While I picked through the trail of shells, Nature began to communicate. I stood up and stared out at the wide Atlantic Ocean. Farther out than I can see there is a protected space. All these shattered sea treasures were once whole, resting at the bottom of the deepest waters. The voyage to the shoreline bumped and bruised them. I feel just like them as I live on this side of heaven. I’m defaced. Everything is. The Earth itself is groaning to be released from the wreckage. So am I. These treasures are in their marred state too but I try to imagine them un-chipped. And then a thought formulates, “The deep end of the ocean is like the untainted Kingdom of God.” There are no violations there. It’s too far and too dense to swim there. We don’t have access just yet. But we can see evidence of it here, everywhere. As we examine the landscape, there are particles of the Kingdom tucked away. The fall leaves tell us there are unnamed colors yet to come. The star-sparkling sky is massive; it announces there is more. The sound of the symphony is a prelude to the most beautiful combination of notes not yet unleashed. This side is not our home.

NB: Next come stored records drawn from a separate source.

(* For all integers $n\ge0$ and real numbers $x\in(-1,1)$, $$0<\int_x^1\frac{T_{n+1}(t)\,U_n(t)}{\sqrt{1-t^2}}\,dt\le 1.$$ Equality holds on the right-hand side if and only if $n=0$ and $x=0$.
   Context: $T_j$ and $U_j$ denote the Chebyshev polynomials of the first and second kind of degree $j$: $T_j(\cos t)=\cos(jt)$ and $U_j(\cos t)=\sin((j+1)t)/\sin t$ for $t\in[0,\pi]$. *)

theory Defs
  imports "HOL-Analysis.Analysis"
begin

fun cheb_T :: "nat \<Rightarrow> real \<Rightarrow> real" where
  "cheb_T 0 x = 1"
| "cheb_T (Suc 0) x = x"
| "cheb_T (Suc (Suc n)) x = 2 * x * cheb_T (Suc n) x - cheb_T n x"

fun cheb_U :: "nat \<Rightarrow> real \<Rightarrow> real" where
  "cheb_U 0 x = 1"
| "cheb_U (Suc 0) x = 2 * x"
| "cheb_U (Suc (Suc n)) x = 2 * x * cheb_U (Suc n) x - cheb_U n x"

end

theory Submission
  imports Defs
begin

text \<open>Substituting \<open>t = cos \<theta>\<close> turns the integrand into
  \<open>cos ((n+1)\<theta>) sin ((n+1)\<theta>) / sin \<theta> = \<Sum>k\<le>n. cos ((2k+1)\<theta>)\<close>, so the integral is
  \<open>S(a) = \<Sum>k\<le>n. sin ((2k+1)a) / (2k+1)\<close> with \<open>a = arccos x \<in> (0,\<pi>)\<close>.
  The numbers \<open>A j = sin\<^sup>2 (j a) / sin a \<ge> 0\<close> have increments \<open>A (j+1) - A j = sin ((2j+1)a)\<close>,
  so summation by parts writes \<open>S(a)\<close> as a positive combination of the \<open>A j\<close>; hence \<open>S(a) > 0\<close>.
  For the upper bound replace \<open>A j\<close> by its majorant \<open>min (j\<^sup>2 sin a) (1 / sin a)\<close>: the same
  combination of the majorant can be summed in closed form and is at most 1, with equality only
  if \<open>1 / sin a\<close> is an integer, and the term \<open>j = 2\<close> then rules out equality unless \<open>n = 0\<close>.\<close>

lemma cheb_T_cos: "cheb_T k (cos \<theta>) = cos (real k * \<theta>)"
proof (induction k rule: induct_nat_012)
  case (ge2 k)
  have "cos (real (Suc (Suc k)) * \<theta>) + cos (real k * \<theta>)
        = 2 * cos \<theta> * cos (real (Suc k) * \<theta>)"
    using cos_plus_cos[of "real (Suc (Suc k)) * \<theta>" "real k * \<theta>"]
    by (simp add: algebra_simps add_divide_distrib)
  with ge2 show ?case by simp
qed simp_all

lemma cheb_U_cos: "cheb_U k (cos \<theta>) * sin \<theta> = sin (real (Suc k) * \<theta>)"
proof (induction k rule: induct_nat_012)
  case 1
  show ?case by (simp add: sin_double)
next
  case (ge2 k)
  have "sin (real (Suc (Suc (Suc k))) * \<theta>) + sin (real (Suc k) * \<theta>)
        = 2 * cos \<theta> * sin (real (Suc (Suc k)) * \<theta>)"
    using sin_plus_sin[of "real (Suc (Suc (Suc k))) * \<theta>" "real (Suc k) * \<theta>"]
    by (simp add: algebra_simps add_divide_distrib)
  with ge2 show ?case by (simp add: algebra_simps)
qed simp

lemma continuous_on_cheb_T: "continuous_on S (cheb_T k)"
proof (induction k rule: induct_nat_012)
  case (ge2 k)
  have "cheb_T (Suc (Suc k)) = (\<lambda>x. 2 * x * cheb_T (Suc k) x - cheb_T k x)" by auto
  with ge2 show ?case by (auto intro!: continuous_intros)
qed (auto intro!: continuous_intros)

lemma continuous_on_cheb_U: "continuous_on S (cheb_U k)"
proof (induction k rule: induct_nat_012)
  case (ge2 k)
  have "cheb_U (Suc (Suc k)) = (\<lambda>x. 2 * x * cheb_U (Suc k) x - cheb_U k x)" by auto
  with ge2 show ?case by (auto intro!: continuous_intros)
qed (auto intro!: continuous_intros)

lemma sin_mult_sum_cos_odd:
  "sin a * (\<Sum>k<m. cos ((2 * real k + 1) * a)) = sin (real m * a) * cos (real m * a)"
proof -
  have "sin a * cos ((2 * real k + 1) * a) = (sin (2 * real (Suc k) * a) - sin (2 * real k * a)) / 2"
    for k by (simp add: sin_times_cos algebra_simps)
  then have "sin a * (\<Sum>k<m. cos ((2 * real k + 1) * a))
             = (\<Sum>k<m. sin (2 * real (Suc k) * a) - sin (2 * real k * a)) / 2"
    by (simp only: sum_distrib_left sum_divide_distrib)
  also have "\<dots> = sin (2 * (real m * a)) / 2"
    by (subst sum_lessThan_telescope) (simp add: mult.assoc)
  finally show ?thesis by (simp add: sin_double)
qed

lemma cheb_T_Suc_mult_cheb_U:
  assumes "-1 < t" "t < 1"
  shows "cheb_T (Suc n) t * cheb_U n t = (\<Sum>k<Suc n. cos ((2 * real k + 1) * arccos t))"
proof -
  have "sin (arccos t) \<noteq> 0" using assms by (rule sin_arccos_nonzero)
  moreover have "cheb_T (Suc n) t * cheb_U n t * sin (arccos t)
                 = sin (arccos t) * (\<Sum>k<Suc n. cos ((2 * real k + 1) * arccos t))"
    using cheb_T_cos[of "Suc n" "arccos t"] cheb_U_cos[of n "arccos t"] assms
    by (simp only: sin_mult_sum_cos_odd) (simp add: mult.commute)
  ultimately show ?thesis by simp
qed

lemma abs_sin_nat_mult_le: "\<bar>sin (real j * a)\<bar> \<le> real j * \<bar>sin a\<bar>"
proof (induction j)
  case (Suc j)
  have "\<bar>sin (real (Suc j) * a)\<bar> \<le> \<bar>sin (real j * a)\<bar> * \<bar>cos a\<bar> + \<bar>cos (real j * a)\<bar> * \<bar>sin a\<bar>"
    using sin_add[of "real j * a" a]
      abs_triangle_ineq[of "sin (real j * a) * cos a" "cos (real j * a) * sin a"]
    by (simp add: distrib_right abs_mult add.commute)
  also have "\<dots> \<le> \<bar>sin (real j * a)\<bar> + \<bar>sin a\<bar>"
    by (intro add_mono mult_left_le mult_left_le_one_le) auto
  finally show ?case using Suc by (simp add: algebra_simps)
qed simp

definition odd_sine_sum :: "nat \<Rightarrow> real \<Rightarrow> real" where
  "odd_sine_sum m a = (\<Sum>k<m. sin ((2 * real k + 1) * a) / (2 * real k + 1))"

definition odd_weighted_increments :: "(nat \<Rightarrow> real) \<Rightarrow> nat \<Rightarrow> real" where
  "odd_weighted_increments c m = (\<Sum>k<m. (c (Suc k) - c k) / (2 * real k + 1))"

lemma odd_weighted_increments_Suc:
  "odd_weighted_increments c (Suc m)
     = odd_weighted_increments c m + (c (Suc m) - c m) / (2 * real m + 1)"
  by (simp add: odd_weighted_increments_def)

lemma odd_weighted_increments_diff:
  "odd_weighted_increments (\<lambda>j. c j - d j) m
     = odd_weighted_increments c m - odd_weighted_increments d m"
  by (simp add: odd_weighted_increments_def sum_subtractf diff_divide_distrib)

lemma odd_weighted_increments_by_parts:
  assumes "c 0 = 0" "1 \<le> m"
  shows "odd_weighted_increments c m
           = (\<Sum>j\<in>{1..<m}. 2 * c j / ((2 * real j - 1) * (2 * real j + 1)))
             + c m / (2 * real m - 1)"
  using assms(2)
proof (induction m rule: dec_induct)
  case base
  show ?case using assms(1) by (simp add: odd_weighted_increments_def)
next
  case (step m)
  define p q where "p = 2 * real m - 1" and "q = 2 * real m + 1"
  have "p \<noteq> 0" "q \<noteq> 0" "q = p + 2" using step(1) by (simp_all add: p_def q_def)
  then have "c m / p + (c (Suc m) - c m) / q = 2 * c m / (p * q) + c (Suc m) / q"
    by (simp add: divide_simps) (simp add: algebra_simps)
  moreover have "2 * real (Suc m) - 1 = q" by (simp add: q_def)
  ultimately show ?case using step by (simp add: odd_weighted_increments_Suc p_def q_def)
qed

lemma odd_weighted_increments_ge_term:
  assumes "c 0 = 0" "1 \<le> i" "i \<le> m" and nonneg: "\<And>j. 1 \<le> j \<Longrightarrow> j \<le> m \<Longrightarrow> 0 \<le> c j"
  shows "2 * c i / ((2 * real i - 1) * (2 * real i + 1)) \<le> odd_weighted_increments c m"
proof -
  have weight_pos: "(2 * real j - 1) * (2 * real j + 1) > 0" if "1 \<le> j" for j
    using that by simp
  have last_nonneg: "0 \<le> c m / (2 * real m - 1)" using assms by simp
  show ?thesis
  proof (cases "i = m")
    case True
    have "2 * c m / ((2 * real m - 1) * (2 * real m + 1)) \<le> c m / (2 * real m - 1)"
    proof -
      have "2 / (2 * real m + 1) \<le> 1" using assms by simp
      then have "c m / (2 * real m - 1) * (2 / (2 * real m + 1)) \<le> c m / (2 * real m - 1)"
        using last_nonneg by (rule mult_left_le)
      then show ?thesis by (simp add: mult.commute)
    qed
    moreover have "0 \<le> (\<Sum>j\<in>{1..<m}. 2 * c j / ((2 * real j - 1) * (2 * real j + 1)))"
      using nonneg weight_pos by (intro sum_nonneg) auto
    ultimately show ?thesis using True assms by (simp add: odd_weighted_increments_by_parts)
  next
    case False
    have "2 * c i / ((2 * real i - 1) * (2 * real i + 1))
          \<le> (\<Sum>j\<in>{1..<m}. 2 * c j / ((2 * real j - 1) * (2 * real j + 1)))"
      using False assms weight_pos by (intro member_le_sum) auto
    with last_nonneg assms show ?thesis by (simp add: odd_weighted_increments_by_parts add_increasing2)
  qed
qed

lemma sin_square_diff: "sin (x::real) ^ 2 - sin y ^ 2 = sin (x + y) * sin (x - y)"
proof -
  have "sin (x + y) * sin (x - y) = sin x ^ 2 * cos y ^ 2 - cos x ^ 2 * sin y ^ 2"
    unfolding sin_add sin_diff by (simp add: algebra_simps power2_eq_square)
  then show ?thesis by (simp add: cos_squared_eq algebra_simps)
qed

lemma odd_sine_sum_eq_odd_weighted_increments:
  assumes "sin a \<noteq> 0"
  shows "odd_sine_sum m a = odd_weighted_increments (\<lambda>j. sin (real j * a) ^ 2 / sin a) m"
proof -
  have "sin (real (Suc k) * a) ^ 2 - sin (real k * a) ^ 2 = sin ((2 * real k + 1) * a) * sin a" for k
    by (simp add: sin_square_diff algebra_simps)
  then show ?thesis
    using assms unfolding odd_sine_sum_def odd_weighted_increments_def
    by (intro sum.cong) (simp_all add: diff_divide_distrib[symmetric])
qed

lemma odd_weighted_increments_clipped_square:
  "odd_weighted_increments (\<lambda>j. if j \<le> K then real j ^ 2 / u else u) m
     = (if m \<le> K then real m / u else real K / u + (u - real K ^ 2 / u) / (2 * real K + 1))"
proof (induction m)
  case 0
  show ?case by (simp add: odd_weighted_increments_def)
next
  case (Suc m)
  consider "Suc m \<le> K" | "m = K" | "K < m" by linarith
  then show ?case
  proof cases
    case 1
    have "((1 + real m) ^ 2 / u - real m ^ 2 / u) / (2 * real m + 1) = 1 / u"
      by (simp add: power2_eq_square divide_simps) (simp add: algebra_simps)
    with 1 Suc show ?thesis by (simp add: odd_weighted_increments_Suc add_divide_distrib)
  qed (use Suc in \<open>auto simp: odd_weighted_increments_Suc\<close>)
qed

lemma odd_weighted_increments_clipped_square_le_one:
  assumes "0 < u" "real K \<le> u" "u < real K + 1"
  defines "c \<equiv> \<lambda>j. if j \<le> K then real j ^ 2 / u else u"
  shows "odd_weighted_increments c m \<le> 1"
    and "odd_weighted_increments c m = 1 \<Longrightarrow> u = real K"
proof -
  have "odd_weighted_increments c m \<le> 1 \<and> (odd_weighted_increments c m = 1 \<longrightarrow> u = real K)"
  proof (cases "m \<le> K")
    case True
    then show ?thesis
      using assms by (auto simp: odd_weighted_increments_clipped_square divide_le_eq_1)
  next
    case False
    define q where "q = (u - real K) * (real K + 1 - u) / (u * (2 * real K + 1))"
    have "odd_weighted_increments c m = 1 - q"
      using False assms(1) unfolding c_def q_def odd_weighted_increments_clipped_square
      by (simp add: divide_simps) (simp add: algebra_simps power2_eq_square)
    moreover have "0 \<le> q" using assms by (simp add: q_def)
    moreover have "q = 0 \<Longrightarrow> u = real K" using assms by (simp add: q_def)
    ultimately show ?thesis by auto
  qed
  then show "odd_weighted_increments c m \<le> 1"
    and "odd_weighted_increments c m = 1 \<Longrightarrow> u = real K"
    by auto
qed

lemma odd_sine_sum_pos:
  assumes "1 \<le> m" "0 < a" "a < pi"
  shows "0 < odd_sine_sum m a"
proof -
  define A where "A = (\<lambda>j. sin (real j * a) ^ 2 / sin a)"
  have s: "0 < sin a" using assms by (simp add: sin_gt_zero)
  have "2 * A 1 / ((2 * real 1 - 1) * (2 * real 1 + 1)) \<le> odd_weighted_increments A m"
    using assms s by (intro odd_weighted_increments_ge_term) (simp_all add: A_def)
  moreover have "A 1 = sin a" using s by (simp add: A_def power2_eq_square)
  moreover have "odd_sine_sum m a = odd_weighted_increments A m"
    using s by (simp add: odd_sine_sum_eq_odd_weighted_increments A_def)
  ultimately show ?thesis using s by simp
qed

lemma odd_sine_sum_le_one:
  assumes "0 < a" "a < pi"
  shows "odd_sine_sum m a \<le> 1" and "odd_sine_sum m a = 1 \<Longrightarrow> m = 1 \<and> a = pi / 2"
proof -
  define s where "s = sin a"
  define u where "u = 1 / s"
  define K where "K = nat \<lfloor>u\<rfloor>"
  define A where "A = (\<lambda>j. sin (real j * a) ^ 2 / s)"
  \<comment> \<open>\<open>c j = min (j\<^sup>2 s) (1 / s)\<close>, written with the threshold \<open>K\<close> so that
    \<open>odd_weighted_increments_clipped_square\<close> evaluates its weighted increments\<close>
  define c where "c = (\<lambda>j. if j \<le> K then real j ^ 2 / u else u)"
  have s: "0 < s" "s \<le> 1" using assms by (simp_all add: s_def sin_gt_zero)
  then have u: "0 < u" "real K \<le> u" "u < real K + 1"
    by (simp_all add: u_def K_def)
  have A_le_c: "A j \<le> c j" for j
  proof -
    have "\<bar>sin (real j * a)\<bar> \<le> real j * s"
      using abs_sin_nat_mult_le[of j a] s by (simp add: s_def)
    then have "sin (real j * a) ^ 2 \<le> (real j * s) ^ 2"
      by (metis abs_ge_zero power2_abs power_mono)
    then have "A j \<le> real j ^ 2 / u"
      using s by (simp add: A_def u_def pos_divide_le_eq power2_eq_square mult_ac)
    moreover have "A j \<le> u"
      using s by (simp add: A_def u_def divide_right_mono abs_square_le_1)
    ultimately show ?thesis by (simp add: c_def)
  qed
  have gap_nonneg: "0 \<le> odd_weighted_increments (\<lambda>j. c j - A j) m"
  proof (cases "m = 0")
    case False
    have "2 * (c 1 - A 1) / ((2 * real 1 - 1) * (2 * real 1 + 1))
          \<le> odd_weighted_increments (\<lambda>j. c j - A j) m"
      using False A_le_c by (intro odd_weighted_increments_ge_term) (simp_all add: A_def c_def)
    with A_le_c[of 1] show ?thesis by simp
  qed (simp add: odd_weighted_increments_def)
  have sum_eq:
    "odd_sine_sum m a = odd_weighted_increments c m - odd_weighted_increments (\<lambda>j. c j - A j) m"
    using s by (simp add: odd_weighted_increments_diff odd_sine_sum_eq_odd_weighted_increments
        A_def s_def)
  note c_bound = odd_weighted_increments_clipped_square_le_one[OF u, of m, folded c_def]
  show "odd_sine_sum m a \<le> 1" using sum_eq gap_nonneg c_bound(1) by linarith
  assume eq: "odd_sine_sum m a = 1"
  show "m = 1 \<and> a = pi / 2"
  proof (cases "m \<le> 1")
    case True
    then have "m = 1" using eq by (cases m) (simp_all add: odd_sine_sum_def)
    then have "sin a = 1" using eq by (simp add: odd_sine_sum_def)
    then have "cos a = 0" using sin_cos_squared_add[of a] by simp
    then have "arccos (cos a) = pi / 2" by simp
    moreover have "arccos (cos a) = a" using assms by (intro arccos_cos) auto
    ultimately show ?thesis using \<open>m = 1\<close> by simp
  next
    case False
    have gap_zero: "odd_weighted_increments (\<lambda>j. c j - A j) m = 0" and "u = real K"
      using eq sum_eq gap_nonneg c_bound by linarith+
    have "2 * (c 2 - A 2) / ((2 * real 2 - 1) * (2 * real 2 + 1))
          \<le> odd_weighted_increments (\<lambda>j. c j - A j) m"
      using False A_le_c by (intro odd_weighted_increments_ge_term) (simp_all add: A_def c_def)
    with gap_zero A_le_c[of 2] have "A 2 = c 2" by simp
    moreover have "A 2 = 4 * s * (1 - s ^ 2)"
      using s cos_squared_eq[of a]
      by (simp add: A_def s_def sin_double power_mult_distrib power2_eq_square)
    moreover have "c 2 = (if 2 \<le> K then 4 * s else 1 / s)"
      using s by (simp add: c_def u_def)
    moreover have "K = 1 \<Longrightarrow> s = 1" using \<open>u = real K\<close> s by (simp add: u_def)
    moreover have "1 \<le> K" using s by (simp add: K_def u_def le_nat_iff)
    ultimately show ?thesis using s by (cases "2 \<le> K") (auto simp: algebra_simps)
  qed
qed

Until then, I forage, like a scavenger, to find fragments of heaven here. In their half-state, even these shells tell me there is a New Earth coming. In their half-state they remind me of who I am, a less-than version of what I one day will be. But every once in awhile, I see a bit of my heavenly self. Forgiveness, creativity, humility, adventure, curiosity and compassion. These qualities come from the deep end of the ocean. Even in their substandard condition, they reveal the divine in me. The flawed whelk shell is not our last find. There is much more to come. Though things are not quite as they should be, they are a signpost.